Approval for Two-Dose Regimen
Zydus Cadila has also received permission from the drug regulatory authority to conduct Phase III trials for a two-dose regimen of ZyCoV-D. The company believes that the two-dose regimen could help vaccinate more people in a shorter time and improve overall immunity against the virus.
Impact on India’s Vaccination Drive
ZyCoV-D is expected to play a significant role in India’s vaccination drive, especially in vaccinating the younger population. With the approval of ZyCoV-D for children aged 12 and above, India now has three vaccines approved for use in this age group, along with Zydus Cadila’s DNA shot ZyCoV-D and homegrown player Bharat Biotech’s Covaxin.
Inclusion in Government Vaccination Program
Zydus Cadila’s COVID-19 vaccine ZyCoV-D is expected to be included in the government’s national anti-coronavirus vaccination program, initially for adults and eventually for children aged 12 and above as well.
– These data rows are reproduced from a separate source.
lemma INF_SUP_bounds:
  fixes f :: "'a \<Rightarrow> real"
  assumes "S \<noteq> {}" "\<And>x. x \<in> S \<Longrightarrow> m \<le> f x \<and> f x \<le> M"
  shows "m \<le> (INF x\<in>S. f x)" "\<And>x. x \<in> S \<Longrightarrow> (INF x\<in>S. f x) \<le> f x \<and> f x \<le> (SUP x\<in>S. f x)"
proof -
  have "bdd_below (f ` S)" "bdd_above (f ` S)"
    using assms(2) by (meson bdd_belowI2, meson bdd_aboveI2)
  then show "\<And>x. x \<in> S \<Longrightarrow> (INF x\<in>S. f x) \<le> f x \<and> f x \<le> (SUP x\<in>S. f x)"
    by (auto intro: cINF_lower cSUP_upper)
  show "m \<le> (INF x\<in>S. f x)"
    using assms by (intro cINF_greatest) auto
qed

lemma le_if_le_add_all_pos_mult:
  fixes x y C :: real
  assumes "0 \<le> C" "\<And>s. 0 < s \<Longrightarrow> x \<le> y + C * s"
  shows "x \<le> y"
proof (rule field_le_epsilon)
  fix e :: real assume "0 < e"
  then have "0 < e / (C + 1)" using assms(1) by simp
  then have "x \<le> y + C * (e / (C + 1))" by (rule assms(2))
  also have "C * (e / (C + 1)) \<le> e" using \<open>0 < e\<close> assms(1) by (simp add: field_simps)
  finally show "x \<le> y + e" by simp
qed

lemma sqrt_diff_le_divide_sqrt_add:
  fixes E s :: real
  assumes "0 \<le> E" "0 < s"
  shows "sqrt E - s \<le> E / sqrt (E + s\<^sup>2)"
proof -
  have pos: "0 < sqrt (E + s\<^sup>2)" using assms by (simp add: add_nonneg_pos)
  have le: "sqrt (E + s\<^sup>2) \<le> sqrt E + s"
    by (rule real_le_lsqrt) (use assms in \<open>auto simp: power2_eq_square algebra_simps\<close>)
  have "(sqrt E - s) * sqrt (E + s\<^sup>2) \<le> E"
  proof (cases "sqrt E \<le> s")
    case True
    then have "(sqrt E - s) * sqrt (E + s\<^sup>2) \<le> 0" using pos by (simp add: mult_nonpos_nonneg)
    then show ?thesis using assms by linarith
  next
    case False
    then have "(sqrt E - s) * sqrt (E + s\<^sup>2) \<le> (sqrt E - s) * (sqrt E + s)"
      using le by (intro mult_left_mono) auto
    also have "\<dots> \<le> E" using assms by (simp add: algebra_simps)
    finally show ?thesis .
  qed
  then show ?thesis using pos by (simp add: pos_le_divide_eq)
qed

lemma integral_has_real_derivative_at:
  assumes "continuous_on {0<..} f" "0 < a" "a < x"
  shows "((\<lambda>x. integral {a..x} f) has_real_derivative f x) (at x)"
proof -
  have "continuous_on {a..x+1} f"
    using assms by (auto intro: continuous_on_subset)
  then have "((\<lambda>x. integral {a..x} f) has_real_derivative f x) (at x within {a..x+1})"
    by (rule integral_has_real_derivative) (use assms in auto)
  moreover have "at x within {a..x+1} = at x"
    by (rule at_within_interior) (use assms in auto)
  ultimately show ?thesis by simp
qed

lemma oint_eq_integral_diff:
  assumes "continuous_on {0<..} f" "0 < c" "c \<le> a" "c \<le> b"
  shows "oint f a b = integral {c..b} f - integral {c..a} f"
proof -
  have combine: "integral {c..x} f + integral {x..y} f = integral {c..y} f" if "c \<le> x" "x \<le> y" for x y
  proof (rule Henstock_Kurzweil_Integration.integral_combine[OF that integrable_continuous_real])
    show "continuous_on {c..y} f" by (rule continuous_on_subset[OF assms(1)]) (use assms(2) in auto)
  qed
  show ?thesis
    using combine[of a b] combine[of b a] assms by (cases "a \<le> b") (auto simp: oint_def)
qed

lemma oint_add:
  assumes "continuous_on {0<..} f" "0 < a" "0 < b" "0 < c"
  shows "oint f a b + oint f b c = oint f a c"
  using oint_eq_integral_diff[OF assms(1), of "min a (min b c)"] assms by simp

lemma oint_nonneg:
  assumes "continuous_on {0<..} f" "\<And>x. 0 < x \<Longrightarrow> 0 \<le> f x" "0 < a" "a \<le> b"
  shows "0 \<le> oint f a b"
  unfolding oint_def using assms
  by (auto intro!: integral_nonneg integrable_continuous_real continuous_on_subset[OF assms(1)])

section \<open>Radial velocity fields\<close>

lemma inner_scaleR_diff_nonneg:
  fixes u v :: "'a::real_inner"
  assumes "0 \<le> a" "0 \<le> b" "0 \<le> c" "0 \<le> d"
    and "0 \<le> (a * norm u - b * norm v) * (c * norm u - d * norm v)"
  shows "0 \<le> inner (a *\<^sub>R u - b *\<^sub>R v) (c *\<^sub>R u - d *\<^sub>R v)"
proof -
  have expand: "inner (a *\<^sub>R u - b *\<^sub>R v) (c *\<^sub>R u - d *\<^sub>R v)
      = a*c*(norm u)\<^sup>2 + b*d*(norm v)\<^sup>2 - (a*d + b*c) * inner u v"
    by (simp add: inner_diff inner_commute power2_norm_eq_inner algebra_simps)
  have "(a*d + b*c) * inner u v \<le> (a*d + b*c) * (norm u * norm v)"
    using assms(1-4) norm_cauchy_schwarz by (intro mult_left_mono) auto
  then show ?thesis using expand assms(5)
    by (simp add: algebra_simps power2_eq_square)
qed

lemma radial_strongly_monotone:
  fixes u v :: "'a::real_inner"
  assumes "m \<le> a" "m \<le> b"
    and "m * (norm u - norm v)\<^sup>2 \<le> (a * norm u - b * norm v) * (norm u - norm v)"
  shows "m * (norm (u - v))\<^sup>2 \<le> inner (u - v) (a *\<^sub>R u - b *\<^sub>R v)"
proof -
  have expand: "inner (u - v) (a *\<^sub>R u - b *\<^sub>R v) = a*(norm u)\<^sup>2 + b*(norm v)\<^sup>2 - (a + b) * inner u v"
    by (simp add: inner_diff inner_commute power2_norm_eq_inner algebra_simps)
  have norm_diff: "(norm (u - v))\<^sup>2 = (norm u)\<^sup>2 + (norm v)\<^sup>2 - 2 * inner u v"
    by (simp add: inner_diff inner_commute power2_norm_eq_inner algebra_simps)
  have "(a + b - 2*m) * inner u v \<le> (a + b - 2*m) * (norm u * norm v)"
    using assms norm_cauchy_schwarz by (intro mult_left_mono) auto
  then show ?thesis unfolding expand norm_diff using assms(3)
    by (simp only: algebra_simps power2_eq_square; linarith)
qed

lemma radial_lipschitz:
  fixes u v :: "'a::real_inner"
  assumes "0 \<le> a" "0 \<le> b" "a \<le> M" "b \<le> M"
    and "\<bar>a * norm u - b * norm v\<bar> \<le> M * \<bar>norm u - norm v\<bar>"
  shows "norm (a *\<^sub>R u - b *\<^sub>R v) \<le> M * norm (u - v)"
proof -
  have "0 \<le> M" using assms by linarith
  have expand: "(norm (a *\<^sub>R u - b *\<^sub>R v))\<^sup>2 = a*a*(norm u)\<^sup>2 + b*b*(norm v)\<^sup>2 - 2*a*b * inner u v"
    by (simp add: inner_diff inner_commute power2_norm_eq_inner algebra_simps)
  have norm_diff: "(norm (u - v))\<^sup>2 = (norm u)\<^sup>2 + (norm v)\<^sup>2 - 2 * inner u v"
    by (simp add: inner_diff inner_commute power2_norm_eq_inner algebra_simps)
  have "a * b \<le> M * M" using assms by (intro mult_mono) auto
  then have "(M*M - a*b) * inner u v \<le> (M*M - a*b) * (norm u * norm v)"
    using norm_cauchy_schwarz by (intro mult_left_mono) auto
  moreover have "\<bar>a * norm u - b * norm v\<bar> \<le> \<bar>M * (norm u - norm v)\<bar>"
    using assms(5) \<open>0 \<le> M\<close> by (simp add: abs_mult)
  then have "(a * norm u - b * norm v)\<^sup>2 \<le> (M * (norm u - norm v))\<^sup>2"
    by (simp only: abs_le_square_iff)
  ultimately have "(norm (a *\<^sub>R u - b *\<^sub>R v))\<^sup>2 \<le> (M * norm (u - v))\<^sup>2"
    unfolding power_mult_distrib expand norm_diff
    by (simp only: algebra_simps power2_eq_square; linarith)
  then show ?thesis using \<open>0 \<le> M\<close> by (simp add: power2_le_iff_abs_le)
qed

lemma velG_eq_scaleR: "velG g x = (g (norm x) / norm x) *\<^sub>R x"
  by (simp add: velG_def)

lemma velG_strongly_monotone_lipschitz:
  fixes x y :: "'a::real_inner"
  assumes g_deriv: "\<And>r. 0 \<le> r \<Longrightarrow> (g has_real_derivative dg r) (at r within {0..})"
    and "g 0 = 0" and "0 \<le> m" and dg_bounds: "\<forall>r\<in>{0..R}. m \<le> dg r \<and> dg r \<le> M"
    and "norm x \<le> R" "norm y \<le> R"
  shows "m * (norm (x - y))\<^sup>2 \<le> inner (x - y) (velG g x - velG g y)"
    and "norm (velG g x - velG g y) \<le> M * norm (x - y)"
proof -
  note increments = increments_if_deriv_bounds[OF g_deriv \<open>0 \<le> m\<close> dg_bounds]
  \<comment> \<open>Any slope represents \<open>velG g 0 = 0\<close>; taking \<open>m\<close> there keeps all slopes in \<open>[m, M]\<close>.\<close>
  define slope where "slope z = (if z = 0 then m else g (norm z) / norm z)" for z :: 'a
  have velG: "velG g z = slope z *\<^sub>R z" for z
    by (simp add: velG_def slope_def)
  have slope_norm: "slope z * norm z = g (norm z)" for z
    by (auto simp: slope_def \<open>g 0 = 0\<close>)
  have slope_bounds: "m \<le> slope z \<and> slope z \<le> M" if "norm z \<le> R" for z
  proof (cases "z = 0")
    case True
    then show ?thesis using dg_bounds that by (force simp: slope_def)
  next
    case False
    then have "norm z > 0" by simp
    moreover have "\<bar>g (norm z)\<bar> \<le> M * norm z" "m * (norm z)\<^sup>2 \<le> g (norm z) * norm z"
      using increments[of "norm z" 0] that \<open>g 0 = 0\<close> norm_ge_zero[of z] by auto
    ultimately show ?thesis using False
      by (auto simp: slope_def field_simps power2_eq_square)
  qed
  have x: "m \<le> slope x" "slope x \<le> M" and y: "m \<le> slope y" "slope y \<le> M"
    using slope_bounds assms(5,6) by auto
  have "\<bar>g (norm x) - g (norm y)\<bar> \<le> M * \<bar>norm x - norm y\<bar>"
    and "m * (norm x - norm y)\<^sup>2 \<le> (g (norm x) - g (norm y)) * (norm x - norm y)"
    using increments[of "norm x" "norm y"] assms(5,6) by auto
  then show "m * (norm (x - y))\<^sup>2 \<le> inner (x - y) (velG g x - velG g y)"
    and "norm (velG g x - velG g y) \<le> M * norm (x - y)"
    unfolding velG slope_norm[symmetric] using x y \<open>0 \<le> m\<close>
    by (auto intro!: radial_strongly_monotone radial_lipschitz)
qed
The Zydus Needle-Free Corona Vaccine ZyCoV-D represents a significant milestone in the global fight against COVID-19. Its unique features, such as the DNA-based technology, needle-free administration, and suitability for children aged 12 and above, make it a promising candidate to help control the pandemic. As production and distribution ramp up, ZyCoV-D has the potential to make a substantial impact on vaccination efforts in India and around the world.